WHAT YOU NEED TO DO: Using the entries below, copy out all lines where "moreover" is found.

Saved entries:

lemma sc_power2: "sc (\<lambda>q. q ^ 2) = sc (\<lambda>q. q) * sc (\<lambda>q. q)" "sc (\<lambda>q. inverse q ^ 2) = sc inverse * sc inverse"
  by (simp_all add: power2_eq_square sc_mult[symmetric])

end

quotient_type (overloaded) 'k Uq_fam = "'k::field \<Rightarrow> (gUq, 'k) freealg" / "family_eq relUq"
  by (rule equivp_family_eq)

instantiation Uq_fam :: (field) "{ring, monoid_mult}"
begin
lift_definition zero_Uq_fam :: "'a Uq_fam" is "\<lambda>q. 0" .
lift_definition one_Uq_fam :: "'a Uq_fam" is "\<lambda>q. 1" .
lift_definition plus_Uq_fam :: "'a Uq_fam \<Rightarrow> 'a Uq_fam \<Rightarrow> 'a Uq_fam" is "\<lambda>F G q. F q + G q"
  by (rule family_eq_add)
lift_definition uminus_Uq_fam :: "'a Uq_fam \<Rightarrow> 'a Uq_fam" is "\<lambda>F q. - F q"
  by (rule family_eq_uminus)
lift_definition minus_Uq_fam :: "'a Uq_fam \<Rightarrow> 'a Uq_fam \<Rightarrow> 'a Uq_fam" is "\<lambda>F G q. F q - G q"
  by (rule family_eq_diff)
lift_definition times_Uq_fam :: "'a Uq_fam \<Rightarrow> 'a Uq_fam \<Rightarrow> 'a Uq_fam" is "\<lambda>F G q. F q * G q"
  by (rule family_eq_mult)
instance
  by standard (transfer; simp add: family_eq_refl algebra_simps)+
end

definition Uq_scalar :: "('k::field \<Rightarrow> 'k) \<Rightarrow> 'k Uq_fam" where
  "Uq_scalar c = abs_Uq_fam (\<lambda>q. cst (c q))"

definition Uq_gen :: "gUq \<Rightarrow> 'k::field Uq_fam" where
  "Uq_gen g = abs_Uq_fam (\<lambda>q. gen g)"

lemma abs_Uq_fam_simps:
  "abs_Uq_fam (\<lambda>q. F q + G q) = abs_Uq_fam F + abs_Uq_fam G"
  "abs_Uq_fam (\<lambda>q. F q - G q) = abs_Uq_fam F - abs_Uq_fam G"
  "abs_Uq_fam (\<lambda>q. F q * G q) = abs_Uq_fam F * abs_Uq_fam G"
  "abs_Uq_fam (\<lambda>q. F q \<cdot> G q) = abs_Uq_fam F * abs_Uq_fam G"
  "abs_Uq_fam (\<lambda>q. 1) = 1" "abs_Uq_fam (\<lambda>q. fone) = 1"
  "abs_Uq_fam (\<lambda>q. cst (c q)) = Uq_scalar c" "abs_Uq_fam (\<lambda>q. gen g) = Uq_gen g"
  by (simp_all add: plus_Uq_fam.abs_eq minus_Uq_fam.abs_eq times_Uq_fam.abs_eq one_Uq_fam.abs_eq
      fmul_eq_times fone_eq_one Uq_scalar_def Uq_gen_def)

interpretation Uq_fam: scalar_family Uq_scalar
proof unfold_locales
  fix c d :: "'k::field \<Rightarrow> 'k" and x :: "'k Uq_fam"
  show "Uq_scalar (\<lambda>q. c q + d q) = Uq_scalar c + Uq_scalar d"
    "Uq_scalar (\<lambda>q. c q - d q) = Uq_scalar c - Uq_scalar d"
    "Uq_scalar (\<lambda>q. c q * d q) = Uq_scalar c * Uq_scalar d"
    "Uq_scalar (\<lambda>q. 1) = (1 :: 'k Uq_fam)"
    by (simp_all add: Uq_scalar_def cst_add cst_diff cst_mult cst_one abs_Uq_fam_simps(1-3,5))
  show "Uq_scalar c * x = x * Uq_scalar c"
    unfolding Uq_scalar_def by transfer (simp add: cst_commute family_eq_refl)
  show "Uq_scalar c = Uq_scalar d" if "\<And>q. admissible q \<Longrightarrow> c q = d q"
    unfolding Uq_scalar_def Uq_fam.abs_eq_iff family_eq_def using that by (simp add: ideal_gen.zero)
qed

...

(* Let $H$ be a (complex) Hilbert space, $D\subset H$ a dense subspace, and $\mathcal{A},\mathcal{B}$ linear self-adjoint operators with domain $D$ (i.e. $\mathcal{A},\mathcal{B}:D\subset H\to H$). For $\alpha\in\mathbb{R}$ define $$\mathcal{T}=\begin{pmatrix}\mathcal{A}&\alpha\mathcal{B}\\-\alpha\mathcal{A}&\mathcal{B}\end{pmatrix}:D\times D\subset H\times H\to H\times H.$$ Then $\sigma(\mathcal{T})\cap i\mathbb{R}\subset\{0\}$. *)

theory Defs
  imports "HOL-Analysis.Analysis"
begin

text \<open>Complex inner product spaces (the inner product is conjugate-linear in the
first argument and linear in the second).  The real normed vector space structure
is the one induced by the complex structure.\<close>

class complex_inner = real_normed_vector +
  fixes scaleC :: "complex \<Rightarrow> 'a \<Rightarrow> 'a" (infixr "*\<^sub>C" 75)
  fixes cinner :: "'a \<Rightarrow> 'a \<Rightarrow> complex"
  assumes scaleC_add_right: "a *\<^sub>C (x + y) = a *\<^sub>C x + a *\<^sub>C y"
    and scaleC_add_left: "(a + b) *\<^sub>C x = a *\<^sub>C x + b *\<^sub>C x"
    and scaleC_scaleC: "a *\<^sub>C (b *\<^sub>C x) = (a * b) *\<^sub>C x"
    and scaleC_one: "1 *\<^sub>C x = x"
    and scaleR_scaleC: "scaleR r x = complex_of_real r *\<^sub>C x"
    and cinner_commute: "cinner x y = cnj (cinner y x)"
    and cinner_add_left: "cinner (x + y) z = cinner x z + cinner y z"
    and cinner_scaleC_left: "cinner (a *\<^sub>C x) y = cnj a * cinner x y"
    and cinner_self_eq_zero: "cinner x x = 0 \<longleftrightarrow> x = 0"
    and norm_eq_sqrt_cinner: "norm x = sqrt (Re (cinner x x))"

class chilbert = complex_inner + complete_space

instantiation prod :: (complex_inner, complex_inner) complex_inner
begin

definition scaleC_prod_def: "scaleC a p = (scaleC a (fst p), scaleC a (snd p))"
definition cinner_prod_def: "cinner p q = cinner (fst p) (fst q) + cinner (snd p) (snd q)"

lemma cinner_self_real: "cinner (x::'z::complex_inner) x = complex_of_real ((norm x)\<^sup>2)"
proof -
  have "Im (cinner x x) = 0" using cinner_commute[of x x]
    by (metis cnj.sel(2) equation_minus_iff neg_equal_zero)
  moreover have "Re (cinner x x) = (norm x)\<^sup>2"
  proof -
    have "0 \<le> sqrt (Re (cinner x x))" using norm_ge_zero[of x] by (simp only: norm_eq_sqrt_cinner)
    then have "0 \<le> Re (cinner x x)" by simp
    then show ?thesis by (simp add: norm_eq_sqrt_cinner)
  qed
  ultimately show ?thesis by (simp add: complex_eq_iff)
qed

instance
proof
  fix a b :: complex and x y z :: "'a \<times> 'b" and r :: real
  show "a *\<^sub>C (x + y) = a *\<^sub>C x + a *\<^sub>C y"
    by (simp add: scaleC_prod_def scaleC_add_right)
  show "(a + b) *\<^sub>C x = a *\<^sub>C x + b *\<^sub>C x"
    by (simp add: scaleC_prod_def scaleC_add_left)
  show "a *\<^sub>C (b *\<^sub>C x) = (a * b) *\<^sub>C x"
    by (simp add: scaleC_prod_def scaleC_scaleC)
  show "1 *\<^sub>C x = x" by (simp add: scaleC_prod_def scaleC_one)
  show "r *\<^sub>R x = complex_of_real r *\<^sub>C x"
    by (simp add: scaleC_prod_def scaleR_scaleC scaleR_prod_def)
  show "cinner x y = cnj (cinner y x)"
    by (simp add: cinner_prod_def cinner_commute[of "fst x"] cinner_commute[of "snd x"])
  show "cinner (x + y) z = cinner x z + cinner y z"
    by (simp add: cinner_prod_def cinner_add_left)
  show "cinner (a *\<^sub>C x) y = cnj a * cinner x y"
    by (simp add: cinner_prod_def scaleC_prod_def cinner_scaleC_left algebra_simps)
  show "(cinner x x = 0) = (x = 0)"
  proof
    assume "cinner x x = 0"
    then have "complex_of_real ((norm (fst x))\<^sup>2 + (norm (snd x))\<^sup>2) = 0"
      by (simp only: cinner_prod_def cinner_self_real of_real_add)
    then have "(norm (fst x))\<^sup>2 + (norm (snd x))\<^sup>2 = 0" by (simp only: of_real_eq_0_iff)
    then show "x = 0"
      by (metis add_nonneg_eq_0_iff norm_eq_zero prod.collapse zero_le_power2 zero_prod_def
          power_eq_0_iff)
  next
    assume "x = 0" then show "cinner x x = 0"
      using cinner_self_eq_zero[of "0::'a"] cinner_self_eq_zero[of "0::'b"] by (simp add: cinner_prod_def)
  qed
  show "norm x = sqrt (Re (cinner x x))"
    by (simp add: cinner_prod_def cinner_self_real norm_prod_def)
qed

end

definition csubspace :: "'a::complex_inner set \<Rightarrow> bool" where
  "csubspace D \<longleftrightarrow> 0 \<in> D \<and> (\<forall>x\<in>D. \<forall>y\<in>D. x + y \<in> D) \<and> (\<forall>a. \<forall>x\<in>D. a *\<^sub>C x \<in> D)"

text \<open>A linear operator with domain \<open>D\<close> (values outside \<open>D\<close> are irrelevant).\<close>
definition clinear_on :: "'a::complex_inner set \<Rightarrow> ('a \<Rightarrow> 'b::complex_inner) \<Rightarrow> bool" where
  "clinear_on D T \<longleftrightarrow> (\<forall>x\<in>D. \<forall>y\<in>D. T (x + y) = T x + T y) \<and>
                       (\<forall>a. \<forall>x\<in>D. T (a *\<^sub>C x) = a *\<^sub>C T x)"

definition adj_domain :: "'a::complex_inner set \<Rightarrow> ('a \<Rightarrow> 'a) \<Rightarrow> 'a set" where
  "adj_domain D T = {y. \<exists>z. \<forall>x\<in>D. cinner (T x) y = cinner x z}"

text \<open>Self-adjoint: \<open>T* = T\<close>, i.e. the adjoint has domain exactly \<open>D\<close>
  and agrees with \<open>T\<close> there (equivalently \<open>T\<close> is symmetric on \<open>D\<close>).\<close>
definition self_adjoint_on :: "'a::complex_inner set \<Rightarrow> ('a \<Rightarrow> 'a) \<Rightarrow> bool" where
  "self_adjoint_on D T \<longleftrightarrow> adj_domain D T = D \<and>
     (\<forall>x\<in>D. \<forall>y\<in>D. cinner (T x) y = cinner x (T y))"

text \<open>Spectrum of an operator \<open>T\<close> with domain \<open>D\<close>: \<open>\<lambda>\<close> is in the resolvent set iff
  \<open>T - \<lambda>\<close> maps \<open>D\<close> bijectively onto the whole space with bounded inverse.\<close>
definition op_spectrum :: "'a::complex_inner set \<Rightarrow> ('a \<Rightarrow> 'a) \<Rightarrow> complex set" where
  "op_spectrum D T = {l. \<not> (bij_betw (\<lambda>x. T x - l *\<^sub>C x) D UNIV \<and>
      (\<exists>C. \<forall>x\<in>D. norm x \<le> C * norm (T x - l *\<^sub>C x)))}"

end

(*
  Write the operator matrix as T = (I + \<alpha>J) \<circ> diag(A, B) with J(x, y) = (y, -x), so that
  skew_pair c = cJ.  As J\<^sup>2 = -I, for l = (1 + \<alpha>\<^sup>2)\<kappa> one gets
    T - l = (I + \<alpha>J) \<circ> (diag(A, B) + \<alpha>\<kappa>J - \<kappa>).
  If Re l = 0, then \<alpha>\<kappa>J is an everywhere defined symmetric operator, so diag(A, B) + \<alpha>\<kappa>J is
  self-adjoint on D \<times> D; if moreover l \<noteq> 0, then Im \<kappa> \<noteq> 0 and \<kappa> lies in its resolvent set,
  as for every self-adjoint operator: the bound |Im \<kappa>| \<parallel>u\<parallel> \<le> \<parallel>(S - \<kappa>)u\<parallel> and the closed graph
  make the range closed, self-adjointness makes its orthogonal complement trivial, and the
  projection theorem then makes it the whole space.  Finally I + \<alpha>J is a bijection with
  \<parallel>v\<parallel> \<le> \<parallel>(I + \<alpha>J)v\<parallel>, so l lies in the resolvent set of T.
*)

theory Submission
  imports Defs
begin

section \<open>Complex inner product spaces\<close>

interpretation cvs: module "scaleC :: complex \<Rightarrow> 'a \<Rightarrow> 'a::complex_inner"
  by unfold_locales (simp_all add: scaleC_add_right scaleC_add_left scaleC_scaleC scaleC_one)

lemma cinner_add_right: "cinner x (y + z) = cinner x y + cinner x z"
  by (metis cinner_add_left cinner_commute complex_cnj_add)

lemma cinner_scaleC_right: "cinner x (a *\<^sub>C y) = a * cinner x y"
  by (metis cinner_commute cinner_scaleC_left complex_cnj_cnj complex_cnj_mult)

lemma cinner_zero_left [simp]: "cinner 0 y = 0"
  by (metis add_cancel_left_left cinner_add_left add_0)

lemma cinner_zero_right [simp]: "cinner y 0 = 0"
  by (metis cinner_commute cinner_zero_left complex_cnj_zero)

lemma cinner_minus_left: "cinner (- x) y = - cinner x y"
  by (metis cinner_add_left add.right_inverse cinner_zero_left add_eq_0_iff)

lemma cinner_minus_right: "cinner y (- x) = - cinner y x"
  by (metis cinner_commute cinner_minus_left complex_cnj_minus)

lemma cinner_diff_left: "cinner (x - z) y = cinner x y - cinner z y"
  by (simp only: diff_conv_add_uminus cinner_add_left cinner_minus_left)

EXERCISE RESULT:
  moreover have "Re (cinner x x) = (norm x)\<^sup>2"
  self-adjoint on D \<times> D; if moreover l \<noteq> 0, then Im \<kappa> \<noteq> 0 and \<kappa> lies in its resolvent set,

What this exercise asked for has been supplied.